Suppose we have two curves, $A$ and $B$. The domain of $A$ is $D_x(A)=\{x_p|P\in A\}=(x_1;x_2),D_y(A)=\{y_p|P\in A\}=(y_1;y_2),\frac{y_2-y_1}{x_2-x_1}\ll 1$. Similarly, $D_x(B)=\{x_p|P\in B\}=(x_1;x_2),D_y(B)=\{y_p|P\in B\}=(y_1;y_2),\frac{x_2-x_1}{y_2-y_1}\ll 1$. (Roughly, if you zoom far enough out, they form a cross). Neither $A$ nor $B$ is required to be "nice" - they must merely be continuous, but it is not required that they be differentiable.
Then $A$ undergoes a continuous translation whose total length is much less than the length of either of the curves. Let $S$ be the set of points which are in $A\cap B$ at any point during the translation.
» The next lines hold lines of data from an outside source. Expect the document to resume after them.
lemma compact_dists: "compact {P::'a::finite \<Rightarrow> real. is_dist P}"
proof -
  have "compact (PiE UNIV (\<lambda>_::'a. {0..1::real}))"
    using compactin_PiE[of "\<lambda>_. euclidean" UNIV "\<lambda>_::'a. {0..1::real}"]
    by (simp add: euclidean_product_topology)
  moreover have "closed {P::'a \<Rightarrow> real. is_dist P}"
    unfolding is_dist_def
    by (intro closed_Collect_conj closed_Collect_all closed_Collect_le closed_Collect_eq
        continuous_on_const continuous_on_sum continuous_on_product_coordinates)
  ultimately have "compact (PiE UNIV (\<lambda>_::'a. {0..1::real}) \<inter> {P. is_dist P})"
    by (rule compact_Int_closed)
  moreover have "P x \<le> 1" if "is_dist P" for P :: "'a \<Rightarrow> real" and x
    using member_le_sum[of x UNIV P] that by (simp add: is_dist_def)
  then have "PiE UNIV (\<lambda>_::'a. {0..1::real}) \<inter> {P. is_dist P} = {P. is_dist P}"
    by (auto simp: is_dist_nonneg)
  ultimately show ?thesis by simp
qed

lemma compact_channels: "compact {U::'a::finite \<Rightarrow> 'b::finite \<Rightarrow> real. is_channel U}"
proof -
  have "{U::'a \<Rightarrow> 'b \<Rightarrow> real. is_channel U} = PiE UNIV (\<lambda>_. {P. is_dist P})"
    by (auto simp: is_channel_def PiE_UNIV_domain)
  moreover have "compact (PiE UNIV (\<lambda>_::'a. {P::'b \<Rightarrow> real. is_dist P}))"
    using compactin_PiE[of "\<lambda>_. euclidean" UNIV "\<lambda>_::'a. {P::'b \<Rightarrow> real. is_dist P}"]
    by (simp add: euclidean_product_topology compact_dists)
  ultimately show ?thesis by simp
qed

lemma continuous_on_coordinate2 [continuous_intros]:
  "continuous_on S (\<lambda>U::'a \<Rightarrow> 'b \<Rightarrow> real. U x y)"
  by (rule continuous_on_product_then_coordinatewise
      [OF continuous_on_subset[OF continuous_on_product_coordinates]]) simp

definition abs_cont :: "('a::finite \<Rightarrow> real) \<Rightarrow> ('a \<Rightarrow> 'b::finite \<Rightarrow> real) \<Rightarrow> ('a \<Rightarrow> 'b \<Rightarrow> real) \<Rightarrow> bool" where
  "abs_cont P U W \<longleftrightarrow> (\<forall>x y. 0 < P x * U x y \<longrightarrow> W x y \<noteq> 0)"

definition admissible :: "('a::finite \<Rightarrow> real) \<Rightarrow> ('a \<Rightarrow> 'b::finite \<Rightarrow> real) \<Rightarrow> ('a \<Rightarrow> 'b \<Rightarrow> real) set" where
  "admissible P W = {U. is_channel U \<and> abs_cont P U W}"

definition cond_div_real :: "('a::finite \<Rightarrow> real) \<Rightarrow> ('a \<Rightarrow> 'b::finite \<Rightarrow> real) \<Rightarrow> ('a \<Rightarrow> 'b \<Rightarrow> real) \<Rightarrow> real" where
  "cond_div_real P U W = (\<Sum>x\<in>UNIV. \<Sum>y\<in>UNIV. P x * U x y * ln (U x y / W x y))"

definition B_PU_real :: "('a::finite \<Rightarrow> real) \<Rightarrow> ('a \<Rightarrow> 'b::finite \<Rightarrow> real) \<Rightarrow> ('a \<Rightarrow> 'b \<Rightarrow> real) \<Rightarrow> real" where
  "B_PU_real P U W = (\<Sum>x\<in>UNIV. \<Sum>y\<in>UNIV. P x * U x y * - ln (W x y))"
Is it true that there is always a point $p_0\in A\cap B$ at time $t=0$ and a point $p_1\in A\cap B$ at time $t=T$ such that there is a connected component in $S$ which includes both points? (The choice of points is made freely; only one such pair need exist)
It seems obvious to me that this is true, but I cannot prove it. Given the difficulty of the Jordan Curve theorem (and my lack of a background in geometry), I don't expect it to be simple. Apologies for any lack of rigor; I hope I've communicated it clearly.